Classificar as células positivas e negativas para o iodeto de propídio utilizando gating com base no nível de intensidade de fluorescência das amostras de controlo que não foram coradas com o anticorpo NCAM ou com o iodeto de propídio. Use um contador de células automatizado para contar o número de células e semeie 50.000 células por centímetro quadrado em uma placa revestida de fibronectina e laminina poli-L-ornitina com meio de conversão neuronal tardio. Continue mudando metade do meio duas a três vezes por semana com o meio de conversão neuronal tardia até o ponto final experimental.

Imagens representativas de contraste de fase mostram as mudanças morfológicas nas células durante o período de conversão. Uma transformação significativa na morfologia celular é visível a partir do quinto dia. No 22º dia, aproximadamente metade das células se converteu em neurônios.

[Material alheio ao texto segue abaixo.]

lemma wave_curve_stays_near:
  assumes "\<delta> > 0" "wave_curves \<gamma> ainf \<delta> lam r Phi" "k \<in> {1, 2}" "e > 0"
  obtains \<epsilon> where "\<epsilon> > 0"
    "\<And>a V. \<bar>a\<bar> < \<epsilon> \<Longrightarrow> dist V Ubar < \<epsilon> \<Longrightarrow> dist (Phi k a V 0) Ubar < e"
proof -
  define f where "f = (\<lambda>(\<alpha>, U, s). Phi k \<alpha> U s)"
  obtain F where "\<And>x. x \<in> WDom \<delta> \<Longrightarrow> (f has_derivative blinfun_apply (F x)) (at x within WDom \<delta>)"
    by (rule C2_on_derivative[OF wave_curvesD(1)[OF assms(2,3)], folded f_def]) (rule that)
  then have cont: "continuous_on (WDom \<delta>) f" by (rule has_derivative_continuous_on)
  have x0: "(0, Ubar, 0) \<in> WDom \<delta>" using \<open>\<delta> > 0\<close> by (simp add: WDom_def)
  have f0: "f (0, Ubar, 0) = Ubar"
    using wave_curvesD(2)[OF assms(2,3)] \<open>\<delta> > 0\<close> by (simp add: f_def)
  obtain d where "d > 0" and
    d: "\<forall>x\<in>WDom \<delta>. dist x (0, Ubar, 0) < d \<longrightarrow> dist (f x) (f (0, Ubar, 0)) < e"
    using cont x0 \<open>e > 0\<close> unfolding continuous_on_iff by blast
  show ?thesis
  proof (rule that)
    show "min (d / 2) \<delta> > 0" using \<open>d > 0\<close> \<open>\<delta> > 0\<close> by simp
    fix a V assume "\<bar>a\<bar> < min (d / 2) \<delta>" "dist V Ubar < min (d / 2) \<delta>"
    from d[rule_format, OF base_slice_near[OF this]] f0
    show "dist (Phi k a V 0) Ubar < e" by (simp add: f_def)
  qed
qed

lemma Gf_at_zero: "Gf \<gamma> ainf V 0 = V"
  by (simp add: Gf_def)

lemma char_fields_at_base:
  assumes "\<delta> > 0" "char_fields \<gamma> ainf \<delta> lam r" "k \<in> {1, 2}"
  shows "lam 1 Ubar 0 < lam 2 Ubar 0" "r k Ubar 0 \<noteq> 0"
    and "\<exists>DF DG. ((\<lambda>V. Ff \<gamma> ainf V 0) has_derivative DF) (at Ubar)
            \<and> ((\<lambda>V. Gf \<gamma> ainf V 0) has_derivative DG) (at Ubar)
            \<and> DF (r k Ubar 0) = lam k Ubar 0 *\<^sub>R DG (r k Ubar 0)"
proof -
  have "dist Ubar Ubar < \<delta> \<and> 0 \<le> (0::real) \<and> 0 < \<delta>" using assms(1) by simp
  with assms(2) have cf: "lam 1 Ubar 0 < lam 2 Ubar 0 \<and> (\<forall>k\<in>{1,2}. r k Ubar 0 \<noteq> 0 \<and>
           (\<exists>DF DG Dl.
              ((\<lambda>V. Ff \<gamma> ainf V 0) has_derivative DF) (at Ubar) \<and>
              ((\<lambda>V. Gf \<gamma> ainf V 0) has_derivative DG) (at Ubar) \<and>
              ((\<lambda>V. lam k V 0) has_derivative Dl) (at Ubar) \<and>
              DF (r k Ubar 0) = lam k Ubar 0 *\<^sub>R DG (r k Ubar 0) \<and> Dl (r k Ubar 0) = 1))"
    unfolding char_fields_def by blast
  then show "lam 1 Ubar 0 < lam 2 Ubar 0" "r k Ubar 0 \<noteq> 0" using assms(3) by blast+
  from cf assms(3) show "\<exists>DF DG. ((\<lambda>V. Ff \<gamma> ainf V 0) has_derivative DF) (at Ubar)
            \<and> ((\<lambda>V. Gf \<gamma> ainf V 0) has_derivative DG) (at Ubar)
            \<and> DF (r k Ubar 0) = lam k Ubar 0 *\<^sub>R DG (r k Ubar 0)"
    by blast
qed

Imagens representativas de fluorescência amino mostram a presença de marcadores neuronais padrão nas células. No 25º dia, as células obtêm morfologia neuronal e expressam marcadores neuronais como MAP2 e TAU. Os núcleos são corados com DAPI.

Depois de assistir a este vídeo, você deve ter uma boa compreensão de como gerar neurônios induzidos a partir de fibroblastos humanos adultos. E isso inclui o revestimento das células para reprogramação, transdução viral, manutenção celular, bem como classificação FACS para purificação. O desenvolvimento dessa técnica abre caminho para que pesquisadores da área de distúrbios neurológicos estudem diferentes características associadas à doença, bem como possíveis terapias.

E isso pode ser feito em um sistema que não é apenas um sistema neural humano, mas que pode ser específico do paciente e da doença.